What the task asks >> Beginning with the first line and ending with the one containing "t\<bar> \<le> g", copy the lines of the listing below exactly; omit everything else.
----
lemma abs_diff_le_nn_integral_deriv_bound:
  fixes F F' g :: "real \<Rightarrow> real"
  assumes "c \<le> d"
    and F': "\<And>t. t \<in> {c..d} \<Longrightarrow> (F has_real_derivative F' t) (at t)"
    and bound: "\<And>t. t \<in> {c..d} \<Longrightarrow> \<bar>F' t\<bar> \<le> g t"
    and g: "continuous_on {c..d} g"
  shows "ennreal \<bar>F d - F c\<bar> \<le> (\<integral>\<^sup>+t\<in>{c..d}. ennreal (g t) \<partial>lborel)"
proof -
  have "(F' has_integral (F d - F c)) {c..d}"
    using assms(1) F'
    by (intro fundamental_theorem_of_calculus)
       (auto simp: has_real_derivative_iff_has_vector_derivative has_vector_derivative_at_within)
  then have "\<bar>F d - F c\<bar> \<le> integral {c..d} g"
    using bound g by (metis integral_norm_bound_integral integrable_continuous_interval
        has_integral_integrable integral_unique real_norm_def)
  moreover have "(\<integral>\<^sup>+t\<in>{c..d}. ennreal (g t) \<partial>lborel) = ennreal (integral {c..d} g)"
    using bound g by (intro nn_integral_has_integral_lebesgue' integrable_integral
        integrable_continuous_interval) (force intro: order_trans[OF abs_ge_zero])+
  ultimately show ?thesis
    by (simp add: ennreal_leI)
qed

(* |s|^(p-1), the factor in the derivative of |s|^p, read as 1 at p = 1: plain powr would
   give the junk value 0 powr 0 = 0 there. *)
definition abs_powr_pred :: "real \<Rightarrow> real \<Rightarrow> real" where
  "abs_powr_pred p s = (if p = 1 then 1 else \<bar>s\<bar> powr (p - 1))"

lemma abs_powr_pred_nonneg: "0 \<le> abs_powr_pred p s"
  by (simp add: abs_powr_pred_def)

lemma continuous_on_abs_powr_pred_weight:
  assumes "1 \<le> p" "continuous_on S \<phi>" "continuous_on S \<phi>'"
  shows "continuous_on S (\<lambda>t. p * abs_powr_pred p (\<phi> t) * \<bar>\<phi>' t\<bar>)"
  using assms unfolding abs_powr_pred_def
  by (cases "p = 1") (auto intro!: continuous_intros continuous_on_powr')

lemma abs_powr_diff_le_nn_integral:
  fixes \<phi> \<phi>' :: "real \<Rightarrow> real"
  assumes "c \<le> d" "1 \<le> p"
    and \<phi>': "\<And>t. t \<in> {c..d} \<Longrightarrow> (\<phi> has_real_derivative \<phi>' t) (at t)"
    and cont: "continuous_on {c..d} \<phi>'"
  shows "ennreal \<bar>\<bar>\<phi> d\<bar> powr p - \<bar>\<phi> c\<bar> powr p\<bar>
    \<le> (\<integral>\<^sup>+t\<in>{c..d}. ennreal (p * abs_powr_pred p (\<phi> t) * \<bar>\<phi>' t\<bar>) \<partial>lborel)"
proof (cases "p = 1")
  case True
  have "ennreal \<bar>\<bar>\<phi> d\<bar> - \<bar>\<phi> c\<bar>\<bar> \<le> ennreal \<bar>\<phi> d - \<phi> c\<bar>"
    by (intro ennreal_leI abs_triangle_ineq3)
  also have "ennreal \<bar>\<phi> d - \<phi> c\<bar> \<le> (\<integral>\<^sup>+t\<in>{c..d}. ennreal \<bar>\<phi>' t\<bar> \<partial>lborel)"
    using assms by (intro abs_diff_le_nn_integral_deriv_bound) (auto intro: continuous_intros)
  finally show ?thesis
    using True by (simp add: abs_powr_pred_def)
next
  case False
  then have "1 < p"
    using assms(2) by simp
  have "continuous_on {c..d} \<phi>"
    using \<phi>' by (meson DERIV_isCont continuous_at_imp_continuous_on)
  then have "continuous_on {c..d} (\<lambda>t. p * abs_powr_pred p (\<phi> t) * \<bar>\<phi>' t\<bar>)"
    using assms(2) cont by (intro continuous_on_abs_powr_pred_weight)
  moreover have "((\<lambda>t. \<bar>\<phi> t\<bar> powr p) has_real_derivative
      p * \<bar>\<phi> t\<bar> powr (p - 1) * sgn (\<phi> t) * \<phi>' t) (at t)" if "t \<in> {c..d}" for t
    using DERIV_chain2[OF has_real_derivative_abs_powr[OF \<open>1 < p\<close>] \<phi>'[OF that]] by simp
  moreover have "\<bar>p * \<bar>\<phi> t\<bar> powr (p - 1) * sgn (\<phi> t) * \<phi>' t\<bar>
      \<le> p * abs_powr_pred p (\<phi> t) * \<bar>\<phi>' t\<bar>" for t
    using False \<open>1 < p\<close> by (auto simp: abs_powr_pred_def abs_mult sgn_real_def)
  ultimately show ?thesis
    using \<open>c \<le> d\<close> by (intro abs_diff_le_nn_integral_deriv_bound)
qed

lemma nn_integral_two_sided_hardy:
  fixes f g \<psi> :: "real \<Rightarrow> ennreal"
  assumes [measurable]: "f \<in> borel_measurable borel" "g \<in> borel_measurable borel"
    and right: "\<And>x. m \<le> x \<Longrightarrow> \<psi> x \<le> (\<integral>\<^sup>+y\<in>{m..x}. g y \<partial>lborel)"
    and left: "\<And>x. x < m \<Longrightarrow> \<psi> x \<le> (\<integral>\<^sup>+y\<in>{x..m}. g y \<partial>lborel)"
  shows "(\<integral>\<^sup>+x. f x * \<psi> x \<partial>lborel)
    \<le> (\<integral>\<^sup>+y. g y * (if m \<le> y then \<integral>\<^sup>+x\<in>{y..}. f x \<partial>lborel else \<integral>\<^sup>+x\<in>{..y}. f x \<partial>lborel) \<partial>lborel)"
    (is "_ \<le> ?rhs")
proof -
  define R where "R x y = f x * g y * (if m \<le> y \<and> y \<le> x then 1 else 0)" for x y
  define L where "L x y = f x * g y * (if x \<le> y \<and> y < m then 1 else 0)" for x y
  have R_meas [measurable]: "case_prod R \<in> borel_measurable (lborel \<Otimes>\<^sub>M lborel)"
    and L_meas [measurable]: "case_prod L \<in> borel_measurable (lborel \<Otimes>\<^sub>M lborel)"
    unfolding R_def L_def by measurable
  have "f x * \<psi> x \<le> (\<integral>\<^sup>+y. R x y \<partial>lborel) + (\<integral>\<^sup>+y. L x y \<partial>lborel)" for x
  proof (cases "m \<le> x")
    case True
    have "(\<integral>\<^sup>+y. R x y \<partial>lborel) = f x * (\<integral>\<^sup>+y\<in>{m..x}. g y \<partial>lborel)"
      unfolding R_def
      by (subst nn_integral_cmult[symmetric]) (auto simp: indicator_def intro!: nn_integral_cong)
    then have "f x * \<psi> x \<le> (\<integral>\<^sup>+y. R x y \<partial>lborel)"
      using right[OF True] by (simp add: mult_left_mono)
    then show ?thesis
      by (simp add: add_increasing2)
  next
    case False
    have "(\<integral>\<^sup>+y. L x y \<partial>lborel) = f x * (\<integral>\<^sup>+y\<in>{x..m}. g y \<partial>lborel)"
      unfolding L_def
      by (subst nn_integral_cmult[symmetric], simp, intro nn_integral_cong_AE,
          use AE_lborel_singleton[of m] in eventually_elim) (auto simp: indicator_def)
    then have "f x * \<psi> x \<le> (\<integral>\<^sup>+y. L x y \<partial>lborel)"
      using left False by (simp add: mult_left_mono)
    then show ?thesis
      by (simp add: add_increasing)
  qed
  then have "(\<integral>\<^sup>+x. f x * \<psi> x \<partial>lborel)
      \<le> (\<integral>\<^sup>+x. (\<integral>\<^sup>+y. R x y \<partial>lborel) + (\<integral>\<^sup>+y. L x y \<partial>lborel) \<partial>lborel)"
    by (rule nn_integral_mono)
  also have "\<dots> = (\<integral>\<^sup>+x. \<integral>\<^sup>+y. R x y \<partial>lborel \<partial>lborel) + (\<integral>\<^sup>+x. \<integral>\<^sup>+y. L x y \<partial>lborel \<partial>lborel)"
    by (rule nn_integral_add) measurable
  also have "\<dots> = (\<integral>\<^sup>+y. \<integral>\<^sup>+x. R x y \<partial>lborel \<partial>lborel) + (\<integral>\<^sup>+y. \<integral>\<^sup>+x. L x y \<partial>lborel \<partial>lborel)"
    using lborel_pair.Fubini'[OF R_meas] lborel_pair.Fubini'[OF L_meas] by simp
  also have "\<dots> = (\<integral>\<^sup>+y. (\<integral>\<^sup>+x. R x y \<partial>lborel) + (\<integral>\<^sup>+x. L x y \<partial>lborel) \<partial>lborel)"
    by (rule nn_integral_add[symmetric]) measurable
  also have "\<dots> \<le> ?rhs"
  proof (intro nn_integral_mono)
    fix y
    show "(\<integral>\<^sup>+x. R x y \<partial>lborel) + (\<integral>\<^sup>+x. L x y \<partial>lborel)
      \<le> g y * (if m \<le> y then \<integral>\<^sup>+x\<in>{y..}. f x \<partial>lborel else \<integral>\<^sup>+x\<in>{..y}. f x \<partial>lborel)"
      unfolding R_def L_def
      by (cases "m \<le> y") (auto simp: nn_integral_cmult[symmetric] indicator_def mult_ac
          intro!: nn_integral_mono)
  qed
  finally show ?thesis .
qed

lemma borel_measurable_continuous_on_mult_indicator:
  fixes w h :: "real \<Rightarrow> real"
  assumes "I \<in> sets borel" "continuous_on I w" "h \<in> borel_measurable borel"
  shows "(\<lambda>y. ennreal (w y * h y) * indicator I y) \<in> borel_measurable borel"
proof -
  have [measurable]: "(\<lambda>y. indicator I y * w y) \<in> borel_measurable borel"
    using borel_measurable_continuous_on_indicator[OF assms(1,2)] by simp
  have "(\<lambda>y. ennreal (indicator I y * w y * h y)) \<in> borel_measurable borel"
    using assms(3) by measurable
  moreover have "(\<lambda>y. ennreal (w y * h y) * indicator I y) = (\<lambda>y. ennreal (indicator I y * w y * h y))"
    by (auto simp: indicator_def)
  ultimately show ?thesis
    by simp
qed

lemma nn_integral_abs_powr_le_tail_weighted:
  fixes I :: "real set" and f \<phi> \<phi>' :: "real \<Rightarrow> real"
  assumes I: "open I" "is_interval I" "m \<in> I" and "1 \<le> p"
    and f [measurable]: "f \<in> borel_measurable borel"
    and \<phi>': "\<And>t. t \<in> I \<Longrightarrow> (\<phi> has_real_derivative \<phi>' t) (at t)"
    and cont: "continuous_on I \<phi>'" and "\<phi> m = 0"
  shows "(\<integral>\<^sup>+x\<in>I. ennreal (\<bar>\<phi> x\<bar> powr p * f x) \<partial>lborel)
    \<le> (\<integral>\<^sup>+y\<in>I. ennreal (p * abs_powr_pred p (\<phi> y) * \<bar>\<phi>' y\<bar>) *
         (if m \<le> y then \<integral>\<^sup>+x\<in>{y..}. ennreal (f x) \<partial>lborel else \<integral>\<^sup>+x\<in>{..y}. ennreal (f x) \<partial>lborel)
       \<partial>lborel)"
    (is "_ \<le> ?rhs")
proof -
  define w where "w t = p * abs_powr_pred p (\<phi> t) * \<bar>\<phi>' t\<bar>" for t
  define g where "g t = ennreal (w t) * indicator I t" for t
  define \<psi> where "\<psi> x = ennreal (\<bar>\<phi> x\<bar> powr p) * indicator I x" for x
  have "continuous_on I \<phi>"
    using \<phi>' by (meson DERIV_isCont continuous_at_imp_continuous_on)
  then have "continuous_on I w"
    unfolding w_def using \<open>1 \<le> p\<close> cont by (intro continuous_on_abs_powr_pred_weight)
  then have g_meas [measurable]: "g \<in> borel_measurable borel"
    using borel_measurable_continuous_on_mult_indicator[of I w "\<lambda>_. 1"] \<open>open I\<close>
    unfolding g_def by simp
  have interval_sub: "{c..d} \<subseteq> I" if "c \<in> I" "d \<in> I" for c d
    using \<open>is_interval I\<close> that unfolding is_interval_1 by (meson atLeastAtMost_iff subsetI)
  have bound: "\<psi> x \<le> (\<integral>\<^sup>+y\<in>{c..d}. g y \<partial>lborel)"
    if "c \<le> d" "c \<in> I" "d \<in> I" "x = d \<and> m = c \<or> x = c \<and> m = d" for x c d
  proof -
    have "\<psi> x = ennreal \<bar>\<bar>\<phi> d\<bar> powr p - \<bar>\<phi> c\<bar> powr p\<bar>"
      using that \<open>\<phi> m = 0\<close> by (auto simp: \<psi>_def)
    also have "\<dots> \<le> (\<integral>\<^sup>+y\<in>{c..d}. ennreal (w y) \<partial>lborel)"
      unfolding w_def using that interval_sub[of c d] \<open>1 \<le> p\<close>
      by (intro abs_powr_diff_le_nn_integral \<phi>' continuous_on_subset[OF cont]) auto
    also have "\<dots> = (\<integral>\<^sup>+y\<in>{c..d}. g y \<partial>lborel)"
      using interval_sub[OF that(2,3)] by (intro nn_integral_cong) (auto simp: g_def indicator_def)
    finally show ?thesis .
  qed
  have "(\<integral>\<^sup>+x\<in>I. ennreal (\<bar>\<phi> x\<bar> powr p * f x) \<partial>lborel) = (\<integral>\<^sup>+x. ennreal (f x) * \<psi> x \<partial>lborel)"
    by (intro nn_integral_cong) (auto simp: \<psi>_def ennreal_mult'' mult_ac)
  also have "\<dots> \<le> (\<integral>\<^sup>+y. g y *
      (if m \<le> y then \<integral>\<^sup>+x\<in>{y..}. ennreal (f x) \<partial>lborel else \<integral>\<^sup>+x\<in>{..y}. ennreal (f x) \<partial>lborel) \<partial>lborel)"
  proof (rule nn_integral_two_sided_hardy)
    show "\<psi> x \<le> (\<integral>\<^sup>+y\<in>{m..x}. g y \<partial>lborel)" if "m \<le> x" for x
    proof (cases "x \<in> I")
      case True
      then show ?thesis
        using that \<open>m \<in> I\<close> by (intro bound) auto
    qed (simp add: \<psi>_def)
    show "\<psi> x \<le> (\<integral>\<^sup>+y\<in>{x..m}. g y \<partial>lborel)" if "x < m" for x
    proof (cases "x \<in> I")
      case True
      then show ?thesis
        using that \<open>m \<in> I\<close> by (intro bound) auto
    qed (simp add: \<psi>_def)
  qed measurable
  also have "\<dots> = ?rhs"
    by (intro nn_integral_cong) (simp add: g_def w_def mult_ac)
  finally show ?thesis .
qed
----
Exercise response >>
lemma abs_diff_le_nn_integral_deriv_bound:
  fixes F F' g :: "real \<Rightarrow> real"
  assumes "c \<le> d"
    and F': "\<And>t. t \<in> {c..d} \<Longrightarrow> (F has_real_derivative F' t) (at t)"
    and bound: "\<And>t. t \<in> {c..d} \<Longrightarrow> \<bar>F' t\<bar> \<le> g t"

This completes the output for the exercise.